It's seems a little cost prohibitive for small businesses to buy them and have no real return on investment unless they cater to or happen to attract a large number of cyclists. 

True. But most people don't understand or know about Paniers, racks,trailers or Chrome bags which can carry every thing you need or want home. BTW I consider "local" anywhere I can ride to and back.
Lisa Curcio 4.0 mi said:

Personal experience/anecdotal observation/no scientific basis:  I like to shop locally.  There is not enough car parking to drive to most places where small businesses are located in the city, therefore going by bike is the best option.  If there is a bike corral near the business, I am assured a place to lock my bike and I am more likely to go there.  Otherwise I have to figure out if there is bike parking near enough to bike to the shop.  Bike corral=business from cyclists if it is a business that caters to people who shop.  

I have no idea what you're talking about. Is this a Southside thing? I'm not talking about being hip or cool but if the business has the revenue(to afford it) or the thought that it would be worthwhile to add.

Handlebar on North put a rack in back which is not only off street but 100% visible in the summer back patio season.

h' 1.0 said:

Have to disagree.  Have you seen a Bike Corral in situ?
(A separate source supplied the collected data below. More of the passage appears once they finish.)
(* For disjunctive guarded systems of type $(A,B)$ and every LTL formula without the next operator $h(A,B_1)$: for all $n\ge1$, if $(A,B)^{(1,n)}\models\mathsf E_{uncond}\,h(A,B_1)$ then $(A,B)^{(1,n+1)}\models\mathsf E_{uncond}\,h(A,B_1)$.
   Context: A process template is $U=(Q_U,\mathit{init}_U,\Sigma_U,\delta_U)$ with finite states $Q_U$, initial state $\mathit{init}_U$, finite input alphabet $\Sigma_U$ and guarded transitions $\delta_U\subseteq Q_U\times\Sigma_U\times 2^{Q_A\cup Q_B}\times Q_U$; templates $A,B$ have disjoint state sets and disjoint alphabets, and $|B|=|Q_B|$. The system $(A,B)^{(1,n)}$ consists of one copy of $A$ and $n$ copies $B_1,\dots,B_n$ of $B$; a global state $s$ gives each process a local state, a global input $e$ gives each process an input letter, and initially all processes are in their initial states. In a disjunctive system a guard $g$ is satisfied for process $p$ in $s$ iff some process $p'\ne p$ has $s(p')\in g$. A local transition $(q,\sigma,g,q')$ of $p$ is enabled for $(s,e)$ if $s(p)=q$, $e(p)=\sigma$ and $g$ is satisfied for $p$ in $s$; a global step changes the state of exactly one process along an enabled transition. A path is a sequence of configurations $(s_1,e_1,p_1),(s_2,e_2,p_2),\dots$ where $p_t$ makes the step from $s_t$ to $s_{t+1}$ under $e_t$, a configuration $(s,e,\bot)$ occurs (as the last one) exactly when all processes are disabled, and $e_{t+1}(p)=e_t(p)$ for every process $p$ not moving at moment $t$. A run is a maximal path from the initial state. A run is unconditionally fair if it is infinite and every process moves infinitely often. For an LTL formula $h(A,B_1)$ without next operator over atomic propositions from $Q_A\cup\Sigma_A$ and $(Q_B\cup\Sigma_B)\times\{1\}$ (interpreted on the local states and inputs of $A$ and $B_1$), $(A,B)^{(1,n)}\models\mathsf E_{uncond}\,h(A,B_1)$ means some unconditionally fair run satisfies $h$. *)

theory Defs
  imports Main
begin

text \<open>Guards are sets of local states of
  either template; Q_A and Q_B are disjoint because they live in the two summands
  of the sum type 'qa + 'qb (similarly the alphabets live in distinct types).\<close>

record ('q, 's, 'g) template =
  states :: "'q set"
  init   :: "'q"
  alph   :: "'s set"
  trans  :: "('q \<times> 's \<times> 'g set \<times> 'q) set"

type_synonym ('qa, 'sa, 'qb) templA = "('qa, 'sa, 'qa + 'qb) template"
type_synonym ('qb, 'sb, 'qa) templB = "('qb, 'sb, 'qa + 'qb) template"

definition guard_states ::
  "('qa, 'sa, 'qa + 'qb) template \<Rightarrow> ('qb, 'sb, 'qa + 'qb) template \<Rightarrow> ('qa + 'qb) set" where
  "guard_states A B = Inl ` states A \<union> Inr ` states B"

definition template_wf ::
  "('q, 's, 'g) template \<Rightarrow> 'g set \<Rightarrow> bool" where
  "template_wf U G \<longleftrightarrow> finite (states U) \<and> init U \<in> states U \<and> finite (alph U) \<and>
     trans U \<subseteq> states U \<times> alph U \<times> Pow G \<times> states U"

datatype proc = PA | PB nat

definition procs :: "nat \<Rightarrow> proc set" where
  "procs n = insert PA (PB ` {1..n})"

text \<open>Global state: local state of A and of every B_i; global input: letter of A
  and of every B_i. (Values at indices outside 1..n are irrelevant.)\<close>
type_synonym ('qa, 'qb) gstate = "'qa \<times> (nat \<Rightarrow> 'qb)"
type_synonym ('sa, 'sb) ginput = "'sa \<times> (nat \<Rightarrow> 'sb)"

fun loc :: "('qa, 'qb) gstate \<Rightarrow> proc \<Rightarrow> 'qa + 'qb" where
  "loc s PA = Inl (fst s)"
| "loc s (PB i) = Inr (snd s i)"

fun inp :: "('sa, 'sb) ginput \<Rightarrow> proc \<Rightarrow> 'sa + 'sb" where
  "inp e PA = Inl (fst e)"
| "inp e (PB i) = Inr (snd e i)"

definition init_state ::
  "('qa, 'sa, 'qa + 'qb) template \<Rightarrow> ('qb, 'sb, 'qa + 'qb) template \<Rightarrow> ('qa, 'qb) gstate" where
  "init_state A B = (init A, \<lambda>_. init B)"

definition valid_input ::
  "('qa, 'sa, 'qa + 'qb) template \<Rightarrow> ('qb, 'sb, 'qa + 'qb) template \<Rightarrow> nat \<Rightarrow> ('sa, 'sb) ginput \<Rightarrow> bool" where
  "valid_input A B n e \<longleftrightarrow> fst e \<in> alph A \<and> (\<forall>i\<in>{1..n}. snd e i \<in> alph B)"

definition guard_sat :: "nat \<Rightarrow> ('qa, 'qb) gstate \<Rightarrow> proc \<Rightarrow> ('qa + 'qb) set \<Rightarrow> bool" where
  "guard_sat n s p g \<longleftrightarrow> (\<exists>p'\<in>procs n. p' \<noteq> p \<and> loc s p' \<in> g)"

fun gstep ::
  "('qa, 'sa, 'qa + 'qb) template \<Rightarrow> ('qb, 'sb, 'qa + 'qb) template \<Rightarrow> nat \<Rightarrow>
   ('qa, 'qb) gstate \<Rightarrow> ('sa, 'sb) ginput \<Rightarrow> proc \<Rightarrow> ('qa, 'qb) gstate \<Rightarrow> bool" where
  "gstep A B n s e PA s' \<longleftrightarrow>
     (\<exists>g q'. (fst s, fst e, g, q') \<in> trans A \<and> guard_sat n s PA g \<and> s' = (q', snd s))"
| "gstep A B n s e (PB i) s' \<longleftrightarrow> i \<in> {1..n} \<and>
     (\<exists>g q'. (snd s i, snd e i, g, q') \<in> trans B \<and> guard_sat n s (PB i) g \<and>
             s' = (fst s, (snd s)(i := q')))"
(* For every $n\ge1$, the set $\mathrm{StoRec}_n$ of SR states on $K_n^0$ equals $\mathrm{conv}(\mathrm{DetRec}_n)\cap\mathbb{Z}^n$, where $\mathrm{DetRec}_n$ is the set of DR states on $K_n^0$. That is, $c\in\mathbb{Z}_{\ge 0}^n$ is SR if and only if there exist DR states $c^{(1)},\dots,c^{(k)}$ and $\lambda_1,\dots,\lambda_k\in[0,1]$ with $\sum_i\lambda_i=1$ and $c=\sum_i\lambda_i c^{(i)}$.
   Context: $K_n^0$ is the complete graph on vertex set $\{0,1,\dots,n\}$ with sink $0$; every vertex has degree $n$. A configuration is $c\in\mathbb{Z}_{\ge0}^n$, stable if $c_i\le n-1$ for all $i$. ASM: an unstable vertex topples by sending one grain to each neighbour (grains to the sink disappear). SSM (parameter $p\in(0,1)$): an unstable vertex $i$, independently for each incident edge, sends one grain along it with probability $p$, otherwise keeps it. Each model gives a Markov chain on stable configurations: add a grain at vertex $i$ with probability $\mu_i>0$, then stabilise. DR = recurrent for the ASM chain, SR = recurrent for the SSM chain. $\mathrm{conv}$ denotes convex hull in $\mathbb{R}^n$. *)

theory Defs
  imports "HOL-Analysis.Analysis"
begin

text \<open>Sandpile models on the complete graph K_n^0. The non-sink vertices are the
elements of a finite type 'n (so n = CARD('n) >= 1); the sink is represented by None
in 'n option. Every vertex has degree n.\<close>

definition stable :: "('n::finite \<Rightarrow> nat) \<Rightarrow> bool" where
  "stable c \<longleftrightarrow> (\<forall>i. c i \<le> CARD('n) - 1)"

definition nbrs :: "'n::finite \<Rightarrow> 'n option set" where
  "nbrs v = insert None (Some ` (UNIV - {v}))"

definition asm_topple :: "('n::finite \<Rightarrow> nat) \<Rightarrow> 'n \<Rightarrow> ('n \<Rightarrow> nat) \<Rightarrow> bool" where
  "asm_topple c v d \<longleftrightarrow> CARD('n) \<le> c v \<and>
     d = (\<lambda>w. if w = v then c v - CARD('n) else c w + 1)"

text \<open>SSM toppling of an unstable vertex v with parameter p: the set S of edges along
which a grain is sent is chosen with probability p^|S| (1-p)^(n-|S|); a toppling outcome
is possible iff this probability is positive.\<close>
definition ssm_topple :: "real \<Rightarrow> ('n::finite \<Rightarrow> nat) \<Rightarrow> 'n \<Rightarrow> ('n \<Rightarrow> nat) \<Rightarrow> bool" where
  "ssm_topple p c v d \<longleftrightarrow> CARD('n) \<le> c v \<and>
     (\<exists>S. S \<subseteq> nbrs v \<and> p ^ card S * (1 - p) ^ (CARD('n) - card S) > 0 \<and>
        d = (\<lambda>w. if w = v then c v - card S else if Some w \<in> S then c w + 1 else c w))"

definition stabilises_to ::
  "(('n::finite \<Rightarrow> nat) \<Rightarrow> 'n \<Rightarrow> ('n \<Rightarrow> nat) \<Rightarrow> bool) \<Rightarrow> ('n \<Rightarrow> nat) \<Rightarrow> ('n \<Rightarrow> nat) \<Rightarrow> bool" where
  "stabilises_to tp c d \<longleftrightarrow> (\<lambda>x y. \<exists>v. tp x v y)\<^sup>*\<^sup>* c d \<and> stable d"

text \<open>One step of the Markov chain on stable configurations, with positive probability:
add a grain at i (probability mu i), then stabilise.\<close>
definition chain_step ::
  "('n::finite \<Rightarrow> real) \<Rightarrow> (('n \<Rightarrow> nat) \<Rightarrow> 'n \<Rightarrow> ('n \<Rightarrow> nat) \<Rightarrow> bool) \<Rightarrow> ('n \<Rightarrow> nat) \<Rightarrow> ('n \<Rightarrow> nat) \<Rightarrow> bool" where
  "chain_step \<mu> tp c d \<longleftrightarrow> stable c \<and> (\<exists>i. \<mu> i > 0 \<and> stabilises_to tp (c(i := c i + 1)) d)"

definition recurrent ::
  "('n::finite \<Rightarrow> real) \<Rightarrow> (('n \<Rightarrow> nat) \<Rightarrow> 'n \<Rightarrow> ('n \<Rightarrow> nat) \<Rightarrow> bool) \<Rightarrow> ('n \<Rightarrow> nat) \<Rightarrow> bool" where
  "recurrent \<mu> tp c \<longleftrightarrow> stable c \<and>
     (\<forall>d. (chain_step \<mu> tp)\<^sup>*\<^sup>* c d \<longrightarrow> (chain_step \<mu> tp)\<^sup>*\<^sup>* d c)"

definition DR :: "('n::finite \<Rightarrow> real) \<Rightarrow> ('n \<Rightarrow> nat) \<Rightarrow> bool" where
  "DR \<mu> c \<longleftrightarrow> recurrent \<mu> asm_topple c"

definition SR :: "real \<Rightarrow> ('n::finite \<Rightarrow> real) \<Rightarrow> ('n \<Rightarrow> nat) \<Rightarrow> bool" where
  "SR p \<mu> c \<longleftrightarrow> recurrent \<mu> (ssm_topple p) c"

definition vec_of :: "('n::finite \<Rightarrow> nat) \<Rightarrow> real ^ 'n" where
  "vec_of c = (\<chi> i. real (c i))"

end

theory Submission
  imports Defs "HOL-Library.Confluence"
begin

text \<open>Both chains are recurrent exactly on the stable configurations reachable from the
  maximal stable configuration \<open>n - 1\<close>. For the stochastic model the bound
  \<open>\<Sum>i\<in>A. c i \<ge> |A| choose 2\<close> holds there and survives adding grains and topplings,
  because a toppling vertex of \<open>A\<close> loses at most one grain per edge leaving \<open>A\<close>;
  conversely, every stable configuration satisfying the bound has a predecessor satisfying it
  with fewer deficient vertices (raise a deficient vertex to \<open>n - 1\<close>, remove a grain from
  each of suitably many other large deficient vertices), so the bound characterises SR. The
  bound cuts out a convex polytope containing the DR states, which are SR. Conversely, by
  Dhar's burning algorithm the stable configurations without forbidden subconfiguration are
  DR, and a configuration satisfying the bound that has a forbidden subconfiguration is the
  midpoint of two such configurations with a larger sum of squares, obtained by moving one
  grain between two deficient vertices of equal height.\<close>

section \<open>Recurrence\<close>

abbreviation topple_step ::
  "(('n::finite \<Rightarrow> nat) \<Rightarrow> 'n \<Rightarrow> ('n \<Rightarrow> nat) \<Rightarrow> bool) \<Rightarrow> ('n \<Rightarrow> nat) \<Rightarrow> ('n \<Rightarrow> nat) \<Rightarrow> bool"
  where "topple_step tp \<equiv> \<lambda>x y. \<exists>v. tp x v y"

definition max_stable :: "'n::finite \<Rightarrow> nat" where
  "max_stable = (\<lambda>_. CARD('n) - 1)"

definition deficient :: "('n::finite \<Rightarrow> nat) \<Rightarrow> 'n set" where
  "deficient c = {i. c i < CARD('n) - 1}"

lemma stable_max_stable: "stable (max_stable :: 'n::finite \<Rightarrow> nat)"
  by (simp add: stable_def max_stable_def)

lemma stable_eq_max_stable:
  fixes c :: "'n::finite \<Rightarrow> nat"
  shows "stable c \<Longrightarrow> deficient c = {} \<Longrightarrow> c = max_stable"
  unfolding stable_def deficient_def max_stable_def fun_eq_iff
  by (metis (mono_tags, lifting) empty_Collect_eq le_antisym not_less)

lemma chain_step_stable: "chain_step \<mu> tp c d \<Longrightarrow> stable d"
  by (auto simp: chain_step_def stabilises_to_def)

lemma chain_steps_stable: "(chain_step \<mu> tp)\<^sup>*\<^sup>* c d \<Longrightarrow> stable c \<Longrightarrow> stable d"
  by (induction rule: rtranclp_induct) (auto dest: chain_step_stable)

lemma chain_stepI:
  "stable c \<Longrightarrow> \<mu> i > 0 \<Longrightarrow> (topple_step tp)\<^sup>*\<^sup>* (c(i := c i + 1)) d \<Longrightarrow> stable d
    \<Longrightarrow> chain_step \<mu> tp c d"
  by (auto simp: chain_step_def stabilises_to_def)

lemma chain_step_add_grain:
  "stable c \<Longrightarrow> i \<in> deficient c \<Longrightarrow> \<mu> i > 0 \<Longrightarrow> chain_step \<mu> tp c (c(i := c i + 1))"
  by (rule chain_stepI) (auto simp: stable_def deficient_def)

lemma chain_steps_to_max_stable:
  fixes c :: "'n::finite \<Rightarrow> nat"
  assumes \<mu>: "\<forall>i. \<mu> i > 0" and "stable c"
  shows "(chain_step \<mu> tp)\<^sup>*\<^sup>* c max_stable"
  using assms(2)
proof (induction "\<Sum>i\<in>UNIV. CARD('n) - 1 - c i" arbitrary: c rule: less_induct)
  case less
  show ?case
  proof (cases "deficient c = {}")
    case True
    then show ?thesis using stable_eq_max_stable less.prems by blast
  next
    case False
    then obtain i where i: "i \<in> deficient c" by blast
    let ?c = "c(i := c i + 1)"
    have step: "chain_step \<mu> tp c ?c"
      using chain_step_add_grain[OF less.prems i] \<mu> by blast
    have "(\<Sum>j\<in>UNIV. CARD('n) - 1 - ?c j) < (\<Sum>j\<in>UNIV. CARD('n) - 1 - c j)"
      using i by (intro sum_strict_mono_ex1) (auto simp: deficient_def)
    then have "(chain_step \<mu> tp)\<^sup>*\<^sup>* ?c max_stable"
      using less.hyps chain_step_stable[OF step] by blast
    with step show ?thesis by (rule converse_rtranclp_into_rtranclp)
  qed
qed

lemma recurrent_iff_reachable_from_max_stable:
  assumes "\<forall>i. \<mu> i > 0"
  shows "recurrent \<mu> tp c \<longleftrightarrow> stable c \<and> (chain_step \<mu> tp)\<^sup>*\<^sup>* max_stable c"
  using chain_steps_to_max_stable[OF assms] chain_steps_stable rtranclp_trans
  unfolding recurrent_def by metis

section \<open>The abelian sandpile model\<close>

lemma asm_topple_sum_less:
  fixes x :: "'n::finite \<Rightarrow> nat"
  assumes "asm_topple x v y" shows "sum y UNIV < sum x UNIV"
proof -
  have y: "y = (\<lambda>w. if w = v then x v - CARD('n) else x w + 1)" and xv: "CARD('n) \<le> x v"
    using assms by (auto simp: asm_topple_def)
  have "sum y UNIV = (x v - CARD('n)) + (sum x (UNIV - {v}) + (CARD('n) - 1))"
    by (simp add: y sum.remove[of UNIV v] sum_Suc card_Diff_singleton)
  moreover have "sum x UNIV = x v + sum x (UNIV - {v})"
    by (simp add: sum.remove[of UNIV v])
  moreover have "0 < CARD('n)" by simp
  ultimately show ?thesis using xv by linarith
qed

lemma stable_imp_no_asm_topple: "stable (x :: 'n::finite \<Rightarrow> nat) \<Longrightarrow> \<not> asm_topple x v y"
proof
  assume "stable x" "asm_topple x v y"
  then have "x v \<le> CARD('n) - 1" "CARD('n) \<le> x v" "0 < CARD('n)"
    by (auto simp: stable_def asm_topple_def)
  then show False by linarith
qed

lemma asm_topple_diamond:
  fixes x :: "'n::finite \<Rightarrow> nat"
  assumes "asm_topple x v y" "asm_topple x w z" "v \<noteq> w"
  shows "\<exists>u. asm_topple y w u \<and> asm_topple z v u"
  using assms
  by (intro exI[of _ "\<lambda>k. if k = v then x v - CARD('n) + 1
                          else if k = w then x w - CARD('n) + 1 else x k + 2"])
     (auto simp: asm_topple_def fun_eq_iff)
The one in front of Jumping Bean looks so damn cool, I have no doubt it increases their business.  Now, if there is no advantage to you in having your business look hip and cool, like, say you run a dialysis center, or accounting firm, than I suppose having one would make less sense.

Mike Zumwalt said:

It's seems a little cost prohibitive for small businesses to buy them and have no real return on investment unless they cater to or happen to attract a large number of cyclists. 

Jumping Bean is pretty much in the center of the city, not "south side."

You've lost me though-- what does Handlebar having racks on their patio have to do with Bike Corrals?

Mike Zumwalt said:

I have no idea what you're talking about. Is this a Southside thing? I'm not talking about being hip or cool but if the business has the revenue(to afford it) or the thought that it would be worthwhile to add.

Handlebar on North put a rack in back which is not only off street but 100% visible in the summer back patio season.

h' 1.0 said:

Have to disagree.  Have you seen a Bike Corral in situ? The one in front of Jumping Bean looks so damn cool, I have no doubt it increases their business.  Now, if there is no advantage to you in having your business look hip and cool, like, say you run a dialysis center, or accounting firm, than I suppose having one would make less sense.

Mike Zumwalt said:

It's seems a little cost prohibitive for small businesses to buy them and have no real return on investment unless they cater to or happen to attract a large number of cyclists. 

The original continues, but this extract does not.